Bu öneri, bireyi sorumluluk alması gereken bir özneye dönüştürür. Ancak bu sorumluluk, genellikle bireysel mutluluk arayışıyla sınırlıdır ve sistemik ya da toplumsal sorunlara karşı bir duyarsızlığı da teşvik edebilir. “İçinize bakın, küçük şeylerle mutlu olun” reçetesi, bireyi kolektif bir sorgulama ve mücadeleden uzaklaştırarak, toplumsal gerçeklikleri görmezden gelmeye itebilir. Bu durum, uzun yıllardır hukuksuz yargılamalar, baskılar, yoksulluk ve işsizliğin hüküm sürdüğü bir ortamda, bireyin mutsuzluğunu kişisel bir eksiklik veya zaaf olarak sunar.
İnsanın kimliği, bireyi ötekinden ayırır ve aralarındaki farkları ortaya koyar. İnsan, bir yandan ötekilerden farklı, biricik olma çabasındayken, aynı zamanda bir gruba ait olma arayışındadır. Bireyleşme, ötekiyle olan farkı vurgularken; aidiyet, bu farkı en aza indirip benzeşmeyi ve aradaki farklılıkları göz ardı etmeyi gerektirir. Yani farklı olanların, farksızlıkları öne çıkarması söz konusudur.

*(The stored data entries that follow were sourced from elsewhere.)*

theorem theorem2p2:
  fixes A :: "'a set" and Ops :: "'f set" and ar :: "'f \<Rightarrow> nat"
    and F :: "'f \<Rightarrow> 'a list \<Rightarrow> 'a"
  assumes alg: "is_algebra A Ops ar F"
    and fin: "finite A" and card: "card A > 1"
  defines "d \<equiv> (\<lambda>n. real (d_fun A Ops ar F n))"
    and "h \<equiv> (\<lambda>n. real (h_fun A Ops ar F n))"
  shows "(\<forall>n::nat. n > 0 \<longrightarrow>
            \<lceil>log (real (card A)) (real n)\<rceil> \<le> int (d_fun A Ops ar F n)
          \<and> d_fun A Ops ar F n \<le> card A ^ n
          \<and> \<lfloor>log (real (card A)) (real n)\<rfloor> \<le> int (h_fun A Ops ar F n)
          \<and> h_fun A Ops ar F n \<le> card A ^ n)
    \<and> d \<in> \<Omega>(\<lambda>n. ln (real n)) \<and> exp_bigo d
    \<and> h \<in> \<Omega>(\<lambda>n. ln (real n)) \<and> exp_bigo h
    \<and> (d \<in> O(\<lambda>n. ln (real n)) \<longleftrightarrow> exp_bigomega h)
    \<and> (d \<in> O(\<lambda>n. real n) \<longleftrightarrow> h \<in> \<Omega>(\<lambda>n. real n))
    \<and> (d \<in> \<Omega>(\<lambda>n. real n) \<longleftrightarrow> h \<in> O(\<lambda>n. real n))
    \<and> (exp_bigomega d \<longleftrightarrow> h \<in> O(\<lambda>n. ln (real n)))"
proof -
  note galois = weak_galois_d_fun_h_fun[OF alg fin card]
  note galois' = weak_galois_commute[OF galois]
  show ?thesis
    unfolding d_def h_def
    using ceiling_log_le_d_fun[OF alg fin card] d_fun_le_card_power[OF alg fin]
      floor_log_le_h_fun[OF alg fin card] h_fun_le_card_power[OF alg fin card]
      bigomega_ln_d_fun[OF alg fin card] exp_bigo_d_fun[OF alg fin card]
      bigomega_ln_h_fun[OF alg fin card] exp_bigo_h_fun[OF alg fin card]
      weak_galois_bigo_ln_imp_exp_bigomega[OF galois] weak_galois_exp_bigomega_imp_bigo_ln[OF galois]
      weak_galois_bigo_imp_bigomega[OF galois] weak_galois_bigomega_imp_bigo[OF galois]
      weak_galois_bigo_imp_bigomega[OF galois'] weak_galois_bigomega_imp_bigo[OF galois']
      weak_galois_bigo_ln_imp_exp_bigomega[OF galois'] weak_galois_exp_bigomega_imp_bigo_ln[OF galois']
    by blast
qed

end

Bunun yanı sıra, bir gruba ait olma durumu da başka gruplarla fark yaratma çabasını beraberinde getirir. Örneğin, Trabzonlular Rizelilerden farklı olduklarını söylerken, Trabzonluluk içindeki bireysel farklılıklar göz ardı edilir. Aynı durum, Fenerbahçeliler ile Galatasaraylılar arasında da geçerlidir.
Günümüzde küreselleşme ve kültür emperyalizmi, kültürler arasındaki farkları bazı alanlarda en aza indiriyor. “McDonaldlaşma” ile tatlar küreselleşiyor; Almanya’da yediğiniz bir hamburgerin Bulgaristan’da da aynı tada sahip olması gibi. Paris’te popüler bir saç modeline Afrika’nın bir köyünde bile rastlayabiliyoruz.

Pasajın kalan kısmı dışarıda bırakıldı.